In this literary memoir, writer and critic Helen Elliott observes her younger years via these letters to eleven influential people in her life.
Helen Elliott's Eleven Letters to You is a profoundly original memoir, an intimate account of growing up in the suburbs of Melbourne in the fifties and sixties, before feminism.
This sparkling, wonderfully absorbing book is written in the form of eleven letters to those neighbours, relatives, friends, teachers and mentors who shaped the young Helen. (It begins in 1950 when she is three and finishes in 1969 when she is twenty-two.) Each of the letters is a homage to the power of memory to recreate life in all its sensuous and indelible detail. And each is a love letter that brings Elliott's marvellous characters-the Misses Stapley, Lois, Mr Cohen and so on-back to life, along with the lost worlds they inhabit.
Helen Elliott sets out to look for answers to one primary question- how did she become whoever she thought she was.
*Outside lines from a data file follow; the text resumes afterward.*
lemma nearest_factorization_close:
  fixes z \<xi> :: "'a::{finite,ab_group_add} multiset multiset"
  assumes \<xi>: "nearest_factorization z \<xi>" and z: "is_factorization z"
    and adj: "adjacent_lengths (sum_mset z) (size \<xi>) (size z)"
  shows "size (z - \<xi>) + size (\<xi> - z) \<le> exchange_bound CARD('a)"
proof (rule ccontr)
  assume big: "\<not> ?thesis"
  define k l where "k = size \<xi>" and "l = size z"
  have kl: "k \<noteq> l" and between: "\<And>m. m \<in> lengths (sum_mset z) \<Longrightarrow> \<not> (min k l < m \<and> m < max k l)"
    using adj by (auto simp: adjacent_lengths_def k_def l_def)
  have \<xi>_fact: "is_factorization \<xi>" "sum_mset \<xi> = sum_mset z"
    using \<xi> by (simp_all add: nearest_factorization_def)
  have "size (z - \<xi>) + size (\<xi> \<inter># z) = l" "size (\<xi> - z) + size (\<xi> \<inter># z) = k"
    using size_Diff_submset[of "\<xi> \<inter># z" z] size_Diff_submset[of "\<xi> \<inter># z" \<xi>]
      size_mset_mono[of "\<xi> \<inter># z" z] size_mset_mono[of "\<xi> \<inter># z" \<xi>]
    by (simp_all add: k_def l_def)
  then have lens: "size (z - \<xi>) + (k - l) = size (\<xi> - z) + (l - k)" by linarith
  have atoms: "\<forall>A\<in>#(z - \<xi>) + (\<xi> - z). minimal_zero_sum A"
    using z \<xi>_fact(1) by (auto simp: is_factorization_def dest: in_diffD)
  have big': "exchange_bound CARD('a) < size (z - \<xi>) + size (\<xi> - z) + (k - l) + (l - k)"
    using big by linarith
  obtain \<alpha> \<beta> e f where ex: "\<alpha> \<subseteq># z - \<xi>" "\<beta> \<subseteq># \<xi> - z" "e \<le> k - l" "f \<le> l - k"
      "sum_mset \<alpha> = sum_mset \<beta>" "size \<alpha> + e = size \<beta> + f"
      "(\<alpha>, \<beta>, e, f) \<noteq> ({#}, {#}, 0, 0)" "(\<alpha>, \<beta>, e, f) \<noteq> (z - \<xi>, \<xi> - z, k - l, l - k)"
    by (rule proper_balanced_subexchange[OF atoms sum_mset_diff_swap[OF \<xi>_fact(2)[symmetric]] lens big'])
  \<comment> \<open>exchanging \<open>\<beta>\<close> for \<open>\<alpha>\<close> in \<open>\<xi>\<close> gives a length between \<open>k\<close> and \<open>l\<close>,
      so it is one of them\<close>
  have \<beta>_sub: "\<beta> \<subseteq># \<xi>" "\<alpha> \<subseteq># z" using ex(1,2) subset_mset.order_trans by fastforce+
  define x where "x = \<xi> - \<beta> + \<alpha>"
  have "size x = size (\<xi> - \<beta>) + size \<alpha>" unfolding x_def by (rule size_union)
  then have "size x + e = k + f"
    using ex(6) size_Diff_submset[OF \<beta>_sub(1)] size_mset_mono[OF \<beta>_sub(1)] by (simp add: k_def)
  moreover have "size x \<in> lengths (sum_mset z)"
  proof -
    have "is_factorization x"
      unfolding x_def using \<xi>_fact(1) z \<beta>_sub by (rule is_factorization_exchange)
    moreover have "sum_mset x = sum_mset z"
      using sum_mset_exchange[OF \<beta>_sub(1) ex(5)] \<xi>_fact(2) by (simp add: x_def)
    ultimately show ?thesis by (auto simp: lengths_def fact_pi_def)
  qed
  ultimately have "e = f \<or> (e = k - l \<and> f = l - k)"
    using between[of "size x"] ex(3,4) kl unfolding min_def max_def by (cases "k \<le> l") auto
  then show False
  proof
    assume "e = f"
    then have "\<beta> = {#}"
      using nearest_factorization_exchange_same_length[OF \<xi> z ex(2,1,5)] ex(6) by simp
    moreover have "\<alpha> = {#}" using ex(6) \<open>e = f\<close> \<open>\<beta> = {#}\<close> by simp
    ultimately show False using ex(3,4,7) \<open>e = f\<close> by auto
  next
    assume ef: "e = k - l \<and> f = l - k"
    then have "\<beta> = \<xi> - z"
      using nearest_factorization_exchange_to_length[OF \<xi> z ex(2,1,5)] ex(6) k_def l_def by linarith
    moreover have "\<alpha> = z - \<xi>"
      using sum_mset_eq_imp_eq_of_nonempty[OF ex(1)] ex(5) \<open>\<beta> = \<xi> - z\<close> z
        sum_mset_diff_swap[OF \<xi>_fact(2)]
      by (auto simp: is_factorization_def minimal_zero_sum_def dest: in_diffD)
    ultimately show False using ex(8) ef by simp
  qed
qed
She conducts her search through the lives of others. 'I am not the centre of this book,' she says, 'but the hinge holding it together.'
Her search will mesmerise her readers, because of the power and fluency of her voice, and because the vanished kitchens and gardens and fields and streets she conjures up are so unforgettably drawn.
Eleven Letters for You offers us an immersive and deeply moving reading experience. It will appeal equally to fans of Elena Ferrante and Helen Garner.